Saved entries
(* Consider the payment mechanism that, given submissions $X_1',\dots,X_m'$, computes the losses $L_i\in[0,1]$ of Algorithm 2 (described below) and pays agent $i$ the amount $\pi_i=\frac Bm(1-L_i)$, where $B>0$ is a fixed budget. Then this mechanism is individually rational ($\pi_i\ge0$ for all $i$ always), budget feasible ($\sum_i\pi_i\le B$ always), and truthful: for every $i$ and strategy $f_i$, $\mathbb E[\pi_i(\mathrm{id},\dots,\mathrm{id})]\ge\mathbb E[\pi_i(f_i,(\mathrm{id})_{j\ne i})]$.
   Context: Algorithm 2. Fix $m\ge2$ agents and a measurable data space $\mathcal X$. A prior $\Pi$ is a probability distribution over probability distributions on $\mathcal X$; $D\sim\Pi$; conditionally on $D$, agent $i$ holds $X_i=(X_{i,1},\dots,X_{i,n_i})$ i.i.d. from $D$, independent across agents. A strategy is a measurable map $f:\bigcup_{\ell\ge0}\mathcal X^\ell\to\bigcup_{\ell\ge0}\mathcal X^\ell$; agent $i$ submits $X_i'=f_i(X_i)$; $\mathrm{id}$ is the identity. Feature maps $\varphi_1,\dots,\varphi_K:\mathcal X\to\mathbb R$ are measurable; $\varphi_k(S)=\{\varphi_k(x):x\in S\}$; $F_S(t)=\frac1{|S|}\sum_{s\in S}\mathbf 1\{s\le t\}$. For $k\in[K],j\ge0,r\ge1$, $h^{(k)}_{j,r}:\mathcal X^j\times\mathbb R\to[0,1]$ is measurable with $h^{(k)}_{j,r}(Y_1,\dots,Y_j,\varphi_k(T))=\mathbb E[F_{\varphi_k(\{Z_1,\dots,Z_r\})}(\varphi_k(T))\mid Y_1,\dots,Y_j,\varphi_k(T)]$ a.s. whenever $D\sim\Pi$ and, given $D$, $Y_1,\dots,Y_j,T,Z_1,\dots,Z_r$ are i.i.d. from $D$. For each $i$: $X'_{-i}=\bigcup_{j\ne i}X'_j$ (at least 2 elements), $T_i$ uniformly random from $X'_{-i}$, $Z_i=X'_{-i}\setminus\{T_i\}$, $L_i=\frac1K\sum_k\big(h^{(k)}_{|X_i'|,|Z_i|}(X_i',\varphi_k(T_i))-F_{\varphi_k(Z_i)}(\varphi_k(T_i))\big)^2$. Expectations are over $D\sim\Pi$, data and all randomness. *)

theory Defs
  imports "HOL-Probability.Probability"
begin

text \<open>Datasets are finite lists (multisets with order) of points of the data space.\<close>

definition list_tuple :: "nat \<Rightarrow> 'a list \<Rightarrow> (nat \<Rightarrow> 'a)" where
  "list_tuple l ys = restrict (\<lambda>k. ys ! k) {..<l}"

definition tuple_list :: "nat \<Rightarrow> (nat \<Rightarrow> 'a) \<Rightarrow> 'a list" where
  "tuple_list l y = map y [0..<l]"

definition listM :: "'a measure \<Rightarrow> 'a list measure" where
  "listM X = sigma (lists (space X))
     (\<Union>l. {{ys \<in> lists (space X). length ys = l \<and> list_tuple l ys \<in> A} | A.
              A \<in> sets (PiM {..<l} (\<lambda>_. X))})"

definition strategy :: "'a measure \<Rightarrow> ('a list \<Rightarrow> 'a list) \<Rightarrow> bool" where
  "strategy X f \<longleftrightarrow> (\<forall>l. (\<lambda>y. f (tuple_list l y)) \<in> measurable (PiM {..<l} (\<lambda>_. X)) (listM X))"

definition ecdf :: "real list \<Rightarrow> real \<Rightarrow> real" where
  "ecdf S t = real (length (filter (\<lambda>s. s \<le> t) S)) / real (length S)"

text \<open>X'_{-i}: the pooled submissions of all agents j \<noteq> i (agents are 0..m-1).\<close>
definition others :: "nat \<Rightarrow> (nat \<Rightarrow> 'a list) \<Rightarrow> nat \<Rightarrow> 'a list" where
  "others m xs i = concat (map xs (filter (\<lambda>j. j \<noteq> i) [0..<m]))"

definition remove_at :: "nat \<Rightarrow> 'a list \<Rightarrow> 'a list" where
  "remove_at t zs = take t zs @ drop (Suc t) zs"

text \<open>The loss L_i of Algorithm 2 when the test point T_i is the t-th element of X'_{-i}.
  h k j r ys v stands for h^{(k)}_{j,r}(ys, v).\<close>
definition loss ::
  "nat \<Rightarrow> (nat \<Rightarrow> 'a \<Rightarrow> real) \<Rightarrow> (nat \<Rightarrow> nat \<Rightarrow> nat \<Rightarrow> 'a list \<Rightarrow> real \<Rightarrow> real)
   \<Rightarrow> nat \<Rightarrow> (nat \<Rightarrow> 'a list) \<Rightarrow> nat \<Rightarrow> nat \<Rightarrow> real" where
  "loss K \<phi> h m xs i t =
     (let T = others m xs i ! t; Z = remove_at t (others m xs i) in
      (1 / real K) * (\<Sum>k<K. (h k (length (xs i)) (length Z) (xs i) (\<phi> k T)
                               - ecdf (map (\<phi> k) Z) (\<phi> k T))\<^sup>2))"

• **TASK DETAILS**
Retype each of the preceding records exactly as printed.

• **FINISHED EXERCISE**
(* Consider the payment mechanism that, given submissions $X_1',\dots,X_m'$, computes the losses $L_i\in[0,1]$ of Algorithm 2 (described below) and pays agent $i$ the amount $\pi_i=\frac Bm(1-L_i)$, where $B>0$ is a fixed budget. Then this mechanism is individually rational ($\pi_i\ge0$ for all $i$ always), budget feasible ($\sum_i\pi_i\le B$ always), and truthful: for every $i$ and strategy $f_i$, $\mathbb E[\pi_i(\mathrm{id},\dots,\mathrm{id})]\ge\mathbb E[\pi_i(f_i,(\mathrm{id})_{j\ne i})]$.
   Context: Algorithm 2. Fix $m\ge2$ agents and a measurable data space $\mathcal X$. A prior $\Pi$ is a probability distribution over probability distributions on $\mathcal X$; $D\sim\Pi$; conditionally on $D$, agent $i$ holds $X_i=(X_{i,1},\dots,X_{i,n_i})$ i.i.d. from $D$, independent across agents. A strategy is a measurable map $f:\bigcup_{\ell\ge0}\mathcal X^\ell\to\bigcup_{\ell\ge0}\mathcal X^\ell$; agent $i$ submits $X_i'=f_i(X_i)$; $\mathrm{id}$ is the identity. Feature maps $\varphi_1,\dots,\varphi_K:\mathcal X\to\mathbb R$ are measurable; $\varphi_k(S)=\{\varphi_k(x):x\in S\}$; $F_S(t)=\frac1{|S|}\sum_{s\in S}\mathbf 1\{s\le t\}$. For $k\in[K],j\ge0,r\ge1$, $h^{(k)}_{j,r}:\mathcal X^j\times\mathbb R\to[0,1]$ is measurable with $h^{(k)}_{j,r}(Y_1,\dots,Y_j,\varphi_k(T))=\mathbb E[F_{\varphi_k(\{Z_1,\dots,Z_r\})}(\varphi_k(T))\mid Y_1,\dots,Y_j,\varphi_k(T)]$ a.s. whenever $D\sim\Pi$ and, given $D$, $Y_1,\dots,Y_j,T,Z_1,\dots,Z_r$ are i.i.d. from $D$. For each $i$: $X'_{-i}=\bigcup_{j\ne i}X'_j$ (at least 2 elements), $T_i$ uniformly random from $X'_{-i}$, $Z_i=X'_{-i}\setminus\{T_i\}$, $L_i=\frac1K\sum_k\big(h^{(k)}_{|X_i'|,|Z_i|}(X_i',\varphi_k(T_i))-F_{\varphi_k(Z_i)}(\varphi_k(T_i))\big)^2$. Expectations are over $D\sim\Pi$, data and all randomness. *)

theory Defs
  imports "HOL-Probability.Probability"
begin

text \<open>Datasets are finite lists (multisets with order) of points of the data space.\<close>

definition list_tuple :: "nat \<Rightarrow> 'a list \<Rightarrow> (nat \<Rightarrow> 'a)" where
  "list_tuple l ys = restrict (\<lambda>k. ys ! k) {..<l}"

definition tuple_list :: "nat \<Rightarrow> (nat \<Rightarrow> 'a) \<Rightarrow> 'a list" where
  "tuple_list l y = map y [0..<l]"

definition listM :: "'a measure \<Rightarrow> 'a list measure" where
  "listM X = sigma (lists (space X))
     (\<Union>l. {{ys \<in> lists (space X). length ys = l \<and> list_tuple l ys \<in> A} | A.
              A \<in> sets (PiM {..<l} (\<lambda>_. X))})"

definition strategy :: "'a measure \<Rightarrow> ('a list \<Rightarrow> 'a list) \<Rightarrow> bool" where
  "strategy X f \<longleftrightarrow> (\<forall>l. (\<lambda>y. f (tuple_list l y)) \<in> measurable (PiM {..<l} (\<lambda>_. X)) (listM X))"

definition ecdf :: "real list \<Rightarrow> real \<Rightarrow> real" where
  "ecdf S t = real (length (filter (\<lambda>s. s \<le> t) S)) / real (length S)"

text \<open>X'_{-i}: the pooled submissions of all agents j \<noteq> i (agents are 0..m-1).\<close>
definition others :: "nat \<Rightarrow> (nat \<Rightarrow> 'a list) \<Rightarrow> nat \<Rightarrow> 'a list" where
  "others m xs i = concat (map xs (filter (\<lambda>j. j \<noteq> i) [0..<m]))"

definition remove_at :: "nat \<Rightarrow> 'a list \<Rightarrow> 'a list" where
  "remove_at t zs = take t zs @ drop (Suc t) zs"

text \<open>The loss L_i of Algorithm 2 when the test point T_i is the t-th element of X'_{-i}.
  h k j r ys v stands for h^{(k)}_{j,r}(ys, v).\<close>
definition loss ::
  "nat \<Rightarrow> (nat \<Rightarrow> 'a \<Rightarrow> real) \<Rightarrow> (nat \<Rightarrow> nat \<Rightarrow> nat \<Rightarrow> 'a list \<Rightarrow> real \<Rightarrow> real)
   \<Rightarrow> nat \<Rightarrow> (nat \<Rightarrow> 'a list) \<Rightarrow> nat \<Rightarrow> nat \<Rightarrow> real" where
  "loss K \<phi> h m xs i t =
     (let T = others m xs i ! t; Z = remove_at t (others m xs i) in
      (1 / real K) * (\<Sum>k<K. (h k (length (xs i)) (length Z) (xs i) (\<phi> k T)
                               - ecdf (map (\<phi> k) Z) (\<phi> k T))\<^sup>2))"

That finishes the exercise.